MATERIALS AND METHODS
Patients
In a first step, all patients with histopathologically proven prostate cancer who underwent a clinically indicated 18F-rhPSMA-7 PET/CT scan between October 2017 and June 2018 were collected from the institution’s database. The administered activity was based on the patient’s body weight (∼4 MBq/kg). On the basis of experience with other 18F-labeled PSMA ligands, an uptake time window of 1–2.5 h was defined. The specific uptake time for each patient was dependent on the logistics of the PET unit.
In a second step, 202 patients (mean age, 72.5 y; range, 49–91 y) were retrospectively selected and sorted into groups according to administered activity and uptake time. Twelve groups with a maximum of 20 patients each were established on the basis of both administered activity (3 groups: low, 222–296 MBq; moderate, 297–370 MBq; and high, 371–444 MBq) and uptake time (4 groups: short, 50–70 min; intermediate, 71–90 min; long, 91–110 min; and extra long, ≥111 min). Patients were stratified into the groups based on prostate-specific antigen (PSA) value and indication, to adjust for similar tumor stages. These patients were injected with a mean 18F-rhPSMA-7 activity of 330 MBq (range, 232–424 MBq).
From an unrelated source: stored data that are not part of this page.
lemma cut_product_le_if_locally_maximal:
  assumes R: "R \<subseteq> {1..n}" and max: "locally_maximal n W R"
    and B: "B \<subseteq> {1..n}" "card B = card R"
  shows "left_card B t * right_card B t \<le> left_card R t * right_card R t"
proof -
  define a c b d where "a = left_card R t" "c = right_card R t" "b = left_card B t" "d = right_card B t"
  have sum: "b + d = a + c"
    using left_card_add_right_card[of R t] left_card_add_right_card[of B t]
      finite_subset[OF R] finite_subset[OF B(1)] B(2) by (simp add: a_c_b_d_def)
  consider "a \<le> c + 1" "c \<le> a + 1" | "c + 1 < a" | "a + 1 < c" by linarith
  then have "\<bar>int a - int c\<bar> \<le> \<bar>int b - int d\<bar>"
  proof cases
    case 1
    show ?thesis
    proof (cases "a = c")
      case False
      with 1 have "a + c = 2 * min a c + 1" by linarith
      then have "b \<noteq> d" using sum by presburger
      then show ?thesis using 1 by linarith
    qed simp
  next
    case 2
    have "{t<..n} \<subseteq> R"
      using left_card_le_right_card_if_gap_above[OF R max] 2 by (force simp: a_c_b_d_def)
    then have "{x \<in> R. t < x} = {t<..n}" using R by auto
    moreover have "{x \<in> B. t < x} \<subseteq> {t<..n}" using B by auto
    ultimately have "d \<le> c"
      unfolding a_c_b_d_def right_card_def by (metis card_mono finite_greaterThanAtMost)
    then show ?thesis using 2 sum by linarith
  next
    case 3
    have "{1..t} \<subseteq> R"
      using right_card_le_left_card_if_gap_below[OF R max] 3 by (force simp: a_c_b_d_def)
    then have "{x \<in> R. x \<le> t} = {1..t}" using R by auto
    moreover have "{x \<in> B. x \<le> t} \<subseteq> {1..t}" using B by auto
    ultimately have "b \<le> a"
      unfolding a_c_b_d_def left_card_def by (metis card_mono finite_atLeastAtMost)
    then show ?thesis using 3 sum by linarith
  qed
  then have "int b * int d \<le> int a * int c"
    using sum by (intro mult_le_mult_if_sum_eq) simp_all
  then show ?thesis by (simp add: a_c_b_d_def flip: of_nat_mult)
qed

lemma locally_maximal_imp_maximizer:
  assumes R: "R \<subseteq> {1..n}" and max: "locally_maximal n W R"
  shows "is_maximizer n R"
  unfolding is_maximizer_def path_vertices_def
proof (intro conjI allI impI)
  fix B assume B: "B \<subseteq> {1..n} \<and> card B = card R"
  then show "W B \<le> W R"
    unfolding W_eq_sum_cuts[OF R] W_eq_sum_cuts[of B n, OF conjunct1[OF B]]
    using cut_product_le_if_locally_maximal[OF R max] by (intro sum_mono) blast
qed (rule R)

lemma als_returns_locally_maximal:
  assumes L: "valid_listing n L"
  shows "als_returns n F L X R \<Longrightarrow> X \<subseteq> {1..n} \<Longrightarrow>
           R \<subseteq> {1..n} \<and> card R = card X \<and> locally_maximal n F R"
proof (induction rule: als_returns.induct)
  case (stop X)
  have "F Y \<le> F X" if "Y \<in> perturbations n X" for Y
  proof -
    have "Y \<in> set (L X)" using L that by (simp add: valid_listing_def)
    then show ?thesis using stop.hyps by (metis in_set_conv_nth)
  qed
  then show ?case using stop.prems by (simp add: locally_maximal_def)
next
  case (step j X R)
  then have "L X ! j \<in> perturbations n X"
    using L nth_mem unfolding valid_listing_def by blast
  then show ?case using step perturbation_subset_card[OF step.prems] by simp
qed

lemma als_returns_exists:
  assumes L: "valid_listing n L" and X: "X \<subseteq> {1..n}"
  shows "\<exists>R. als_returns n F L X R"
proof -
  define b where "b = Max (F ` Pow {1..n})"
  have bound: "F Y \<le> b" if "Y \<subseteq> {1..n}" for Y
    using that by (simp add: b_def)
  show ?thesis using X
  proof (induction "b - F X" arbitrary: X rule: less_induct)
    case less
    show ?case
    proof (cases "\<forall>i < length (L X). F (L X ! i) \<le> F X")
      case True
      then show ?thesis using als_returns.stop by blast
    next
      case False
      define P where "P j \<longleftrightarrow> j < length (L X) \<and> F X < F (L X ! j)" for j
      have "\<exists>j. P j" using False by (auto simp: P_def not_le)
      then obtain j where "P j" and not_P: "\<forall>i < j. \<not> P i" using exists_least_iff[of P] by blast
      then have j: "j < length (L X)" "F X < F (L X ! j)" by (simp_all add: P_def)
      have first: "\<forall>i < j. F (L X ! i) \<le> F X" using not_P j(1) by (auto simp: P_def)
      have "L X ! j \<in> perturbations n X"
        using L j(1) nth_mem unfolding valid_listing_def by blast
      then have sub: "L X ! j \<subseteq> {1..n}" using perturbation_subset_card less.prems by blast
      have "b - F (L X ! j) < b - F X" using bound[OF sub] j(2) by linarith
      then obtain R where "als_returns n F L (L X ! j) R" using less.hyps[OF _ sub] by blast
      then show ?thesis using als_returns.step[where F = F and L = L and X = X] j first by blast
    qed
  qed
qed

theorem mainTheorem12:
  fixes n :: nat and A :: "nat set" and L :: "nat set \<Rightarrow> nat set list"
  assumes "A \<subseteq> path_vertices n"
    and "2 \<le> card A" and "card A \<le> n"
    and "valid_listing n L"
  shows "(\<exists>R. als_returns n W L A R) \<and>
         (\<forall>R. als_returns n W L A R \<longrightarrow> is_maximizer n R)"
proof
  have A: "A \<subseteq> {1..n}" using assms(1) by (simp add: path_vertices_def)
  show "\<exists>R. als_returns n W L A R" using als_returns_exists[OF assms(4) A] .
  show "\<forall>R. als_returns n W L A R \<longrightarrow> is_maximizer n R"
    using als_returns_locally_maximal[OF assms(4) _ A] locally_maximal_imp_maximizer by blast
qed

end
PET/CT scanning was started on average 85 min after injection of 18F-rhPSMA-7 (range, 58–153 min).
Clinical indications for 18F-rhPSMA-7 PET/CT scanning were tumor recurrence for 145 patients and primary staging for 57 patients. The mean PSA level at the time of PET/CT scanning was 11.6 ng/mL (range, 0.1–95.3 ng/mL). The primary therapy for tumor recurrence was radical prostatectomy in 129 patients and external-beam radiation therapy in 16 patients; 42 patients received androgen deprivation therapy at the time of the PSMA-ligand PET scan or within 6 mo beforehand.
All patients gave written informed consent for the procedure. All reported investigations were conducted in accordance with the Helsinki Declaration and with national regulations. The retrospective analysis was approved by the Local Ethics Committee (permit 290/18S). Administration of 18F-rhPSMA-7 was in accordance with the German Medicinal Products Act (AMG §13 2b) and the responsible regulatory body (government of Oberbayern). Table 1 summarizes the administered activities, uptake times, and clinical indications for the patient population. Synthesis of 18F-rhPSMA-7 was performed as described previously (7). The patients received an injection of 20 mg of furosemide at the time of tracer application. To avoid potential interference from tracer retention in the urinary bladder, all patients were asked to void immediately before the PET/CT acquisition.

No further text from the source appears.